Por Walter Santoro*
A casi un siglo del primer Campeonato Mundial de Fútbol es claro el paralelo entre aquel evento inaugural y la trayectoria de Carlos Gardel. Mientras el fútbol comenzaba a convertirse en un fenómeno global, Gardel se afirmaba como el primer artista popular latinoamericano de proyección mundial; ambos surgieron en la misma época y llegaron a representar identidades colectivas y emociones compartidas.
Gardel siempre expresó que su fama no le pertenecía en exclusiva: la atribuía al pueblo y al arte popular que él interpretaba. Como decía: “Mi fama no es mía, es de mi país, de mi pueblo. A quien aplaude el público no es a Carlos Gardel: es al arte popular nuestro, al alma nuestra que, por una casualidad feliz, me ha tocado interpretar a mí.” Esa mirada es aplicable tanto al tango como al fútbol, dos manifestaciones nacidas en los barrios y habladas por millones.
El Mundial de 1930, celebrado en Montevideo, reunió a trece selecciones en un torneo que todavía estaba lejos de la industria actual: viajes en barco, entrenamientos simples y estadios que empezaban a desbordar pasión. Para los contemporáneos, el acontecimiento tuvo dimensión épica.
Gardel no fue un mero espectador: ya conocido en el Río de la Plata, comprendía que el fútbol era mucho más que un juego. Había afianzado su interés por el deporte gracias a amistades como la del español Josep Samitier y a la experiencia de ver jugar al Barcelona, lo que le permitió apreciar la entrega y la emoción del fútbol.
En julio de 1930, mientras actuaba en Buenos Aires, Gardel visitó las concentraciones de las selecciones argentina y uruguaya, compartiendo charlas, canciones y ánimo. Jugadores como Francisco Varallo recordaron aquellas visitas: Gardel pasaba largas sobremesas, tocaba la guitarra y cantaba hasta la noche, aportando motivación y confianza.

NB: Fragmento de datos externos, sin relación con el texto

lemma analytic_on_sym_power_sum [analytic_intros]:
  assumes "f analytic_on A" "g analytic_on A"
  shows "(\<lambda>x. sym_power_sum (f x) (g x) d) analytic_on A"
proof (induction d rule: less_induct)
  case (less d)
  consider "d = 0" | "d = Suc 0" | d' where "d = Suc (Suc d')"
    by (metis not0_implies_Suc)
  then show ?case
    by cases (use assms in \<open>auto intro!: analytic_intros less.IH\<close>)
qed

lemma power_int_symmetrize:
  fixes u v :: complex and p q :: int
  assumes "u \<noteq> 0" "v \<noteq> 0"
  shows "u powi p * v powi q + u powi q * v powi p
           = (u * v) powi (min p q) * sym_power_sum (u + v) (u * v) (nat \<bar>p - q\<bar>)"
proof -
  have shift: "u powi a * v powi (a + int d) + u powi (a + int d) * v powi a
                 = (u * v) powi a * sym_power_sum (u + v) (u * v) d" for a :: int and d :: nat
    using assms by (simp add: sym_power_sum_eq power_int_add power_int_mult_distrib algebra_simps)
  show ?thesis
  proof (cases "p \<le> q")
    case True
    then show ?thesis
      using shift[of p "nat (q - p)"] by (simp add: min_def)
  next
    case False
    then show ?thesis
      using shift[of q "nat (p - q)"] by (simp add: min_def add.commute)
  qed
qed

lemma sum_pairs_symmetrize:
  fixes ip :: "'h::ab_group_add \<Rightarrow> 'h \<Rightarrow> int" and u v :: complex
  assumes ip_sym: "\<And>a b. ip a b = ip b a"
    and S: "\<And>a b. (a, b) \<in> S \<Longrightarrow> (K - b, K - a) \<in> S"
    and w: "\<And>a b. w (K - b) (K - a) = w a b"
    and uv: "u \<noteq> 0" "v \<noteq> 0"
  shows "(\<Sum>(a, b) \<in> S. w a b * u powi (ip a b) * v powi (ip (K - a) (K - b)))
       = (\<Sum>(a, b) \<in> S. w a b * ((u * v) powi (min (ip a b) (ip (K - a) (K - b)))
            * sym_power_sum (u + v) (u * v) (nat \<bar>ip a b - ip (K - a) (K - b)\<bar>))) / 2"
proof -
  define F where "F = (\<lambda>(a, b). w a b * u powi (ip a b) * v powi (ip (K - a) (K - b)))"
  define G where "G = (\<lambda>(a, b). w a b * u powi (ip (K - a) (K - b)) * v powi (ip a b))"
  define \<sigma> where "\<sigma> = (\<lambda>(a::'h, b::'h). (K - b, K - a))"
  have "sum F S = sum (F \<circ> \<sigma>) S"
    by (rule sum.reindex_bij_witness[of _ \<sigma> \<sigma>]) (use S in \<open>auto simp: \<sigma>_def\<close>)
  also have "F \<circ> \<sigma> = G"
  proof
    fix p :: "'h \<times> 'h"
    obtain a b where p: "p = (a, b)"
      by fastforce
    show "(F \<circ> \<sigma>) p = G p"
      using ip_sym[of "K - b" "K - a"] ip_sym[of b a] by (simp add: p F_def G_def \<sigma>_def w)
  qed
  finally have "2 * sum F S = sum (\<lambda>p. F p + G p) S"
    by (simp add: sum.distrib)
  also have "\<dots> = (\<Sum>(a, b) \<in> S. w a b * ((u * v) powi (min (ip a b) (ip (K - a) (K - b)))
            * sym_power_sum (u + v) (u * v) (nat \<bar>ip a b - ip (K - a) (K - b)\<bar>)))"
    using power_int_symmetrize[OF uv]
    by (intro sum.cong) (auto simp: F_def G_def mult.assoc simp flip: distrib_left)
  finally show ?thesis
    by (simp add: F_def field_simps)
qed

lemma Zplus_add_Zminus: "Zplus x y + Zminus x y = Zsum x y"
  by (simp add: Zplus_def Zminus_def field_simps)

lemma Zplus_mult_Zminus: "Zplus x y * Zminus x y = Zprod x y"
proof -
  have "Zplus x y * Zminus x y = ((Zsum x y)^2 - (csqrt ((Zsum x y)^2 - 4 * Zprod x y))^2) / 4"
    by (simp add: Zplus_def Zminus_def power2_eq_square field_simps)
  then show ?thesis
    by (simp add: power2_csqrt)
qed

lemma analytic_at_0_Zfun: "y \<noteq> 0 \<Longrightarrow> (\<lambda>x. Zfun x y) analytic_on {0}"
  unfolding Zfun_def
  by (intro analytic_intros analytic_at_0_theta00 analytic_at_0_theta01) (auto simp: theta01_at_0)

lemma Zprod_at_0: "Zprod 0 y = 4"
  by (simp add: Zprod_def Zfun_def theta00_at_0 theta01_at_0)

(* The roots Z+ and Z- are labelled through a branch of csqrt and need not be analytic; thanks
   to the symmetry SW(K - a) = +-SW(a), Sigma only depends on Z+ + Z- and Z+ Z-, which are. *)
definition Sigma_sym :: "('h::ab_group_add \<Rightarrow> 'h \<Rightarrow> int) \<Rightarrow> 'h \<Rightarrow> 'h \<Rightarrow> ('h \<Rightarrow> int)
    \<Rightarrow> complex \<Rightarrow> complex \<Rightarrow> complex" where
  "Sigma_sym ip K c1 SW s p =
     (\<Sum>(a, b) \<in> {a. SW a \<noteq> 0} \<times> {b. SW b \<noteq> 0}.
        of_int (SW a * SW b) * eps powi (ip (a - b) c1)
        * (p powi (min (ip a b) (ip (K - a) (K - b)))
           * sym_power_sum s p (nat \<bar>ip a b - ip (K - a) (K - b)\<bar>))) / 2"

lemma Sigma_eq_Sigma_sym:
  fixes ip :: "'h::ab_group_add \<Rightarrow> 'h \<Rightarrow> int"
  assumes ip_sym: "\<And>a b. ip a b = ip b a"
    and SW_sym: "\<And>a. SW (K - a) = (-1) ^ N * SW a"
    and nonzero: "Zprod x y \<noteq> 0"
  shows "Sigma ip K c1 SW x y = Sigma_sym ip K c1 SW (Zsum x y) (Zprod x y)"
proof -
  have "Zplus x y \<noteq> 0" "Zminus x y \<noteq> 0"
    using nonzero by (auto simp flip: Zplus_mult_Zminus)
  moreover have "(K - b, K - a) \<in> {a. SW a \<noteq> 0} \<times> {b. SW b \<noteq> 0}"
    if "(a, b) \<in> {a. SW a \<noteq> 0} \<times> {b. SW b \<noteq> 0}" for a b
    using that SW_sym[of a] SW_sym[of b] by auto
  moreover have "of_int (SW (K - b) * SW (K - a)) * eps powi (ip ((K - b) - (K - a)) c1)
      = of_int (SW a * SW b) * eps powi (ip (a - b) c1)" for a b
  proof -
    have "((-1::int) ^ N) * (-1) ^ N = 1"
      by (simp flip: power_mult_distrib)
    then have "SW (K - b) * SW (K - a) = SW a * SW b"
      unfolding SW_sym by (simp add: algebra_simps)
    moreover have "(K - b) - (K - a) = a - b"
      by (simp add: algebra_simps)
    ultimately show ?thesis
      by simp
  qed
  ultimately show ?thesis
    unfolding Sigma_def Sigma_sym_def
    by (subst sum_pairs_symmetrize[OF ip_sym]) (simp_all add: Zplus_add_Zminus Zplus_mult_Zminus)
qed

Gardel evitaba polarizar. Para él las pasiones populares debían unir, por eso declaró: “Tengo mi corazoncito dividido.” Con esa postura mostraba que argentinos y uruguayos compartían una misma cultura rioplatense —la música, el barrio, el café y también el fútbol— y que detrás de los colores había una identidad común. También dijo con sorna: “El fútbol es más difícil de acertar que las carreras.”
La final del 30 de julio enfrentó a Argentina y Uruguay y terminó con la victoria uruguaya por 4 a 2; fue el partido que consagró el nacimiento oficial del Mundial. Al mismo tiempo se reforzó el vínculo entre tango y fútbol: Gardel ya había grabado piezas inspiradas en el deporte —como “Patadura”, “¡Sami!” y “Mi primer gol”— que mostraban su percepción de que ambos expresaban sentimientos populares surgidos de los barrios y de la experiencia de inmigrantes y criollos.
Como comprendió el tango, Gardel entendió también el alma del fútbol: ambas manifestaciones brotaban del sentir popular. Su afirmación —”No soy yo el que triunfa, es nuestro tango el que se impone.”— podría aplicarse igual a los futbolistas que empezaron a llevar la identidad rioplatense por el mundo.
Hoy, casi un siglo después, las semejanzas se mantienen: los mundiales paralizan al planeta y las selecciones transmiten algo más que resultados deportivos; Gardel sigue siendo la voz más reconocida del tango a nivel mundial. Ambos trascendieron su tiempo y se convirtieron en símbolos duraderos de alegrías, nostalgias y sueños colectivos.
El Mundial de 1930 marcó el inicio de una pasión universal y Gardel fue parte de ese momento: no solo como testigo, sino como figura cultural de una generación que mostró que desde el Río de la Plata podían nacer leyendas. Cuando suena un tango de Gardel o se reúne la gente por un partido de la selección, se repite la misma experiencia colectiva: cambian los intérpretes y los jugadores, pero permanecen las grandes pasiones.